■ DIRECTIONS FOR THIS TASK ■
Scan the records below for the line with "v \<longleftrightarrow> u \<in>" and the line with "for two classes". Repeat those two lines and every line between them exactly, and nothing else.
BEGIN RECORDS SHOWN
(* If $G$ is a graph, then $D(G)=n(G)-1$ if and only if $G$ is isomorphic to one of $C_4$, $2K_2$, $K_{t,1}$ (for some $t\ge 2$), or $K_t\cup K_1$ (for some $t\ge 2$).
   Context: All graphs are finite and simple; $n(G)=|V(G)|$; $C_4$ is the 4-cycle, $K_{s,t}$ the complete bipartite graph, $G\cup H$ the disjoint union and $2K_2=K_2\cup K_2$. A distinguishing coloring of a graph $G$ is a (not necessarily proper) vertex coloring such that the only automorphism of $G$ mapping every vertex to a vertex of the same color is the identity; the distinguishing number $D(G)$ is the minimum number of colors in a distinguishing coloring of $G$. *)

theory Defs
  imports Main
begin

definition graph :: "'a set \<Rightarrow> ('a \<Rightarrow> 'a \<Rightarrow> bool) \<Rightarrow> bool" where
  "graph V E \<longleftrightarrow> finite V \<and>
     (\<forall>u v. E u v \<longrightarrow> u \<in> V \<and> v \<in> V \<and> u \<noteq> v \<and> E v u)"

definition automorphism :: "'a set \<Rightarrow> ('a \<Rightarrow> 'a \<Rightarrow> bool) \<Rightarrow> ('a \<Rightarrow> 'a) \<Rightarrow> bool" where
  "automorphism V E f \<longleftrightarrow> bij_betw f V V \<and>
     (\<forall>u\<in>V. \<forall>v\<in>V. E u v \<longleftrightarrow> E (f u) (f v))"

definition distinguishing_coloring ::
  "'a set \<Rightarrow> ('a \<Rightarrow> 'a \<Rightarrow> bool) \<Rightarrow> nat \<Rightarrow> ('a \<Rightarrow> nat) \<Rightarrow> bool" where
  "distinguishing_coloring V E k c \<longleftrightarrow> c ` V \<subseteq> {..<k} \<and>
     (\<forall>f. automorphism V E f \<and> (\<forall>v\<in>V. c (f v) = c v) \<longrightarrow> (\<forall>v\<in>V. f v = v))"

definition distinguishing_number :: "'a set \<Rightarrow> ('a \<Rightarrow> 'a \<Rightarrow> bool) \<Rightarrow> nat" where
  "distinguishing_number V E = (LEAST k. \<exists>c. distinguishing_coloring V E k c)"

definition isomorphic ::
  "'a set \<Rightarrow> ('a \<Rightarrow> 'a \<Rightarrow> bool) \<Rightarrow> 'b set \<Rightarrow> ('b \<Rightarrow> 'b \<Rightarrow> bool) \<Rightarrow> bool" where
  "isomorphic V E W F \<longleftrightarrow> (\<exists>f. bij_betw f V W \<and>
     (\<forall>u\<in>V. \<forall>v\<in>V. E u v \<longleftrightarrow> F (f u) (f v)))"

definition C4_V :: "nat set" where "C4_V = {0..<4}"
definition C4_E :: "nat \<Rightarrow> nat \<Rightarrow> bool" where
  "C4_E u v \<longleftrightarrow> u < 4 \<and> v < 4 \<and> (v = (u + 1) mod 4 \<or> u = (v + 1) mod 4)"

definition twoK2_V :: "nat set" where "twoK2_V = {0..<4}"
definition twoK2_E :: "nat \<Rightarrow> nat \<Rightarrow> bool" where
  "twoK2_E u v \<longleftrightarrow> {u, v} = {0, 1} \<or> {u, v} = {2, 3}"

text \<open>K_{t,1}: centre 0, leaves 1..t.\<close>
definition star_V :: "nat \<Rightarrow> nat set" where "star_V t = {0..t}"
definition star_E :: "nat \<Rightarrow> nat \<Rightarrow> nat \<Rightarrow> bool" where
  "star_E t u v \<longleftrightarrow> (u = 0 \<and> 1 \<le> v \<and> v \<le> t) \<or> (v = 0 \<and> 1 \<le> u \<and> u \<le> t)"

text \<open>K_t \<union> K_1: clique on 1..t, isolated vertex 0.\<close>
definition cliqueK1_V :: "nat \<Rightarrow> nat set" where "cliqueK1_V t = {0..t}"
definition cliqueK1_E :: "nat \<Rightarrow> nat \<Rightarrow> nat \<Rightarrow> bool" where
  "cliqueK1_E t u v \<longleftrightarrow> u \<in> {1..t} \<and> v \<in> {1..t} \<and> u \<noteq> v"

end

theory Submission
  imports Defs "HOL-Combinatorics.Transposition"
begin

text \<open>
  Call x and y twins if they have the same neighbours outside {x, y}; then the transposition of x
  and y is an automorphism, so twins get different colours in every distinguishing colouring. Hence
  a distinguishing colouring with n - 1 colours exists iff some pair u, v is not twins (colour u and
  v alike and all other vertices distinctly).

  A colouring with n - 2 colours identifies a triple or two disjoint pairs. If none of these is
  distinguishing, then among any three vertices two are twins, and any two disjoint non-twin pairs
  are swapped simultaneously by an automorphism. The first fact splits V into the twin class A of u
  and the twin class V - A of v, so adjacency only depends on the classes of the endpoints; the
  second forces both classes to have two vertices and the same inner adjacency, unless one class is
  a single vertex. These are C4, 2K2, K_{t,1} and K_t \<union> K_1. Conversely, in these graphs each
  class needs pairwise distinct colours, which excludes n - 2 colours if a class has n - 1 vertices;
  for two classes of size two, two colours match the classes to each other, and the simultaneous
  swap preserves such a colouring.
\<close>

section \<open>Twins and automorphisms\<close>

definition twins :: "'a set \<Rightarrow> ('a \<Rightarrow> 'a \<Rightarrow> bool) \<Rightarrow> 'a \<Rightarrow> 'a \<Rightarrow> bool" where
  "twins V E x y \<longleftrightarrow> (\<forall>w \<in> V - {x, y}. E x w \<longleftrightarrow> E y w)"

lemma graph_finite: "graph V E \<Longrightarrow> finite V"
  by (simp add: graph_def)

lemma graph_sym_iff: "graph V E \<Longrightarrow> E u v \<longleftrightarrow> E v u"
  unfolding graph_def by blast

lemma graph_irrefl: "graph V E \<Longrightarrow> \<not> E u u"
  by (auto simp: graph_def)

lemma two_le_card_iff_ex_other:
  assumes "finite A" "u \<in> A"
  shows "2 \<le> card A \<longleftrightarrow> (\<exists>x \<in> A. x \<noteq> u)"
proof
  assume "2 \<le> card A"
  show "\<exists>x \<in> A. x \<noteq> u"
  proof (rule ccontr)
    assume "\<not> (\<exists>x \<in> A. x \<noteq> u)"
    then have "A \<subseteq> {u}" by blast
    then show False using card_mono[of "{u}" A] \<open>2 \<le> card A\<close> by simp
  qed
next
  assume "\<exists>x \<in> A. x \<noteq> u"
  then obtain x where "x \<in> A" "x \<noteq> u" by blast
  then show "2 \<le> card A" using card_mono[OF assms(1), of "{u, x}"] assms(2) by simp
qed

lemma two_le_card_obtain:
  assumes "2 \<le> card A"
  obtains x y where "x \<in> A" "y \<in> A" "x \<noteq> y"
proof -
  have "finite A" by (rule card_ge_0_finite) (use assms in simp)
  moreover have "A \<noteq> {}" using assms by auto
  then obtain x where "x \<in> A" by blast
  then show ?thesis using two_le_card_iff_ex_other[OF \<open>finite A\<close> \<open>x \<in> A\<close>] assms that by blast
qed

lemma twins_refl: "twins V E x x"
  by (simp add: twins_def)

lemma twins_commute: "twins V E x y \<longleftrightarrow> twins V E y x"
  by (auto simp: twins_def)

lemma twins_trans:
  assumes g: "graph V E" and "x \<in> V" "z \<in> V" "twins V E x y" "twins V E y z"
  shows "twins V E x z"
  unfolding twins_def
proof
  fix w assume w: "w \<in> V - {x, z}"
  show "E x w \<longleftrightarrow> E z w"
  proof (cases "w = y")
    case False
    then show ?thesis using w assms(4,5) by (auto simp: twins_def)
  next
    case True
    show ?thesis
    proof (cases "x = z")
      case False
      then have "E x z \<longleftrightarrow> E y z" "E y x \<longleftrightarrow> E z x"
        using w True assms by (auto simp: twins_def)
      then show ?thesis
        using True graph_sym_iff[OF g, of x y] graph_sym_iff[OF g, of z y] graph_sym_iff[OF g, of x z]
        by simp
    qed simp
  qed
qed

lemma automorphism_cong:
  assumes "automorphism V E f" "\<And>v. v \<in> V \<Longrightarrow> f v = g v"
  shows "automorphism V E g"
  using assms bij_betw_cong[of V f g V] by (simp add: automorphism_def)

lemma automorphism_in_carrier: "automorphism V E f \<Longrightarrow> v \<in> V \<Longrightarrow> f v \<in> V"
  by (auto simp: automorphism_def bij_betw_def)

lemma automorphism_eq_iff:
  "automorphism V E f \<Longrightarrow> u \<in> V \<Longrightarrow> v \<in> V \<Longrightarrow> f u = f v \<longleftrightarrow> u = v"
  by (auto simp: automorphism_def bij_betw_def inj_on_eq_iff)

lemma automorphism_edge:
  "automorphism V E f \<Longrightarrow> u \<in> V \<Longrightarrow> v \<in> V \<Longrightarrow> E (f u) (f v) \<longleftrightarrow> E u v"
  by (simp add: automorphism_def)

lemma automorphism_transpose_twins:
  assumes g: "graph V E" and "x \<in> V" "y \<in> V" and tw: "twins V E x y"
  shows "automorphism V E (transpose x y)"
  unfolding automorphism_def
proof (intro conjI ballI)
  show "bij_betw (transpose x y) V V" using assms by simp
  have sym: "E a b \<longleftrightarrow> E b a" for a b
    by (rule graph_sym_iff[OF g])
  have out: "E x w \<longleftrightarrow> E y w" if "w \<in> V - {x, y}" for w
    using tw that by (simp add: twins_def)
  fix u v assume "u \<in> V" "v \<in> V"
  then show "E u v \<longleftrightarrow> E (transpose x y u) (transpose x y v)"
    using out[of u] out[of v] sym[of u x] sym[of u y] sym[of x y] graph_irrefl[OF g, of x]
      graph_irrefl[OF g, of y]
    by (cases "u = x \<or> u = y"; cases "v = x \<or> v = y") (auto simp: transpose_def)
qed

lemma twins_if_automorphism_moves_pair:
  assumes "automorphism V E f" "x \<in> V" "f x = y" "\<forall>w \<in> V - {x, y}. f w = w"
  shows "twins V E x y"
  unfolding twins_def
proof
  fix w assume "w \<in> V - {x, y}"
  then show "E x w \<longleftrightarrow> E y w"
    using assms automorphism_edge[OF assms(1) assms(2), of w] by auto
qed

lemma twins_if_automorphism_permutes_triple:
  assumes g: "graph V E" and f: "automorphism V E f" and V: "{a, b, z} \<subseteq> V"
    and "distinct [a, b, z]" "f a = b" "f ` {a, b, z} \<subseteq> {a, b, z}" "\<forall>w \<in> V - {a, b, z}. f w = w"
  shows "twins V E a b"
proof -
  have edge_a: "E a w \<longleftrightarrow> E b (f w)" if "w \<in> V" for w
    using automorphism_edge[OF f, of a w] that V \<open>f a = b\<close> by simp
  have "E a z \<longleftrightarrow> E b z"
  proof (cases "f z = z")
    case True
    then show ?thesis using edge_a V by simp
  next
    case False
    have "f z \<noteq> b" "f b \<noteq> b" "f b \<noteq> f z"
      using V assms(4,5) automorphism_eq_iff[OF f, of z a] automorphism_eq_iff[OF f, of b a]
        automorphism_eq_iff[OF f, of b z] by auto
    then have "f z = a" "f b = z"
      using False assms(4-6) by auto
    \<comment> \<open>f is the 3-cycle (a b z); it carries the edge az to ba and ba to zb\<close>
    then have "E a z \<longleftrightarrow> E b a" "E b a \<longleftrightarrow> E z b"
      using edge_a[of z] automorphism_edge[OF f, of b a] V \<open>f a = b\<close> by auto
    then show ?thesis using graph_sym_iff[OF g, of a b] graph_sym_iff[OF g, of z b] by simp
  qed
  moreover have "E a w \<longleftrightarrow> E b w" if "w \<in> V - {a, b, z}" for w
    using edge_a[of w] that assms(7) by simp
  ultimately show ?thesis
    unfolding twins_def by blast
qed

lemma automorphism_preserving_two_pairs:
  assumes f: "automorphism V E f" and T: "{a, b, c, d} \<subseteq> V" "distinct [a, b, c, d]"
    and out: "\<forall>w \<in> V - {a, b, c, d}. f w = w"
    and moves: "f a \<in> {a, b}" "f b \<in> {a, b}" "f c \<in> {c, d}" "f d \<in> {c, d}"
  shows "(\<forall>w \<in> {a, b, c, d}. f w = w) \<or> twins V E a b \<or> twins V E c d \<or>
    automorphism V E (transpose a b \<circ> transpose c d)"
proof -
  have "f a \<noteq> f b" "f c \<noteq> f d"
    using T automorphism_eq_iff[OF f, of a b] automorphism_eq_iff[OF f, of c d] by auto
  show ?thesis
  proof (cases "f a = a"; cases "f c = c")
    assume "f a = a" "f c = c"
    then show ?thesis using moves \<open>f a \<noteq> f b\<close> \<open>f c \<noteq> f d\<close> by auto
  next
    assume "f a = a" "f c \<noteq> c"
    then have "f b = b" "f c = d" using moves \<open>f a \<noteq> f b\<close> by auto
    then have "\<forall>w \<in> V - {c, d}. f w = w" using out \<open>f a = a\<close> by blast
    then show ?thesis
      using twins_if_automorphism_moves_pair[OF f _ \<open>f c = d\<close>] T(1) by blast
  next
    assume "f a \<noteq> a" "f c = c"
    then have "f d = d" "f a = b" using moves \<open>f c \<noteq> f d\<close> by auto
    then have "\<forall>w \<in> V - {a, b}. f w = w" using out \<open>f c = c\<close> by blast
    then show ?thesis
      using twins_if_automorphism_moves_pair[OF f _ \<open>f a = b\<close>] T(1) by blast
  next
    assume "f a \<noteq> a" "f c \<noteq> c"
    then have "f a = b" "f b = a" "f c = d" "f d = c"
      using moves \<open>f a \<noteq> f b\<close> \<open>f c \<noteq> f d\<close> by auto
    have "f v = (transpose a b \<circ> transpose c d) v" if "v \<in> V" for v
    proof (cases "v \<in> {a, b, c, d}")
      case True
      then show ?thesis
        using \<open>f a = b\<close> \<open>f b = a\<close> \<open>f c = d\<close> \<open>f d = c\<close> T(2) by (auto simp: transpose_def)
    next
      case False
      then show ?thesis using that out by (simp add: transpose_def)
    qed
    then show ?thesis using automorphism_cong[OF f] by blast
  qed
qed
END RECORDS SHOWN
■ ANSWER BELOW ■
  "cliqueK1_E t u v \<longleftrightarrow> u \<in> {1..t} \<and> v \<in> {1..t} \<and> u \<noteq> v"

end

theory Submission
  imports Defs "HOL-Combinatorics.Transposition"
begin

text \<open>
  Call x and y twins if they have the same neighbours outside {x, y}; then the transposition of x
  and y is an automorphism, so twins get different colours in every distinguishing colouring. Hence
  a distinguishing colouring with n - 1 colours exists iff some pair u, v is not twins (colour u and
  v alike and all other vertices distinctly).

  A colouring with n - 2 colours identifies a triple or two disjoint pairs. If none of these is
  distinguishing, then among any three vertices two are twins, and any two disjoint non-twin pairs
  are swapped simultaneously by an automorphism. The first fact splits V into the twin class A of u
  and the twin class V - A of v, so adjacency only depends on the classes of the endpoints; the
  second forces both classes to have two vertices and the same inner adjacency, unless one class is
  a single vertex. These are C4, 2K2, K_{t,1} and K_t \<union> K_1. Conversely, in these graphs each
  class needs pairwise distinct colours, which excludes n - 2 colours if a class has n - 1 vertices;
  for two classes of size two, two colours match the classes to each other, and the simultaneous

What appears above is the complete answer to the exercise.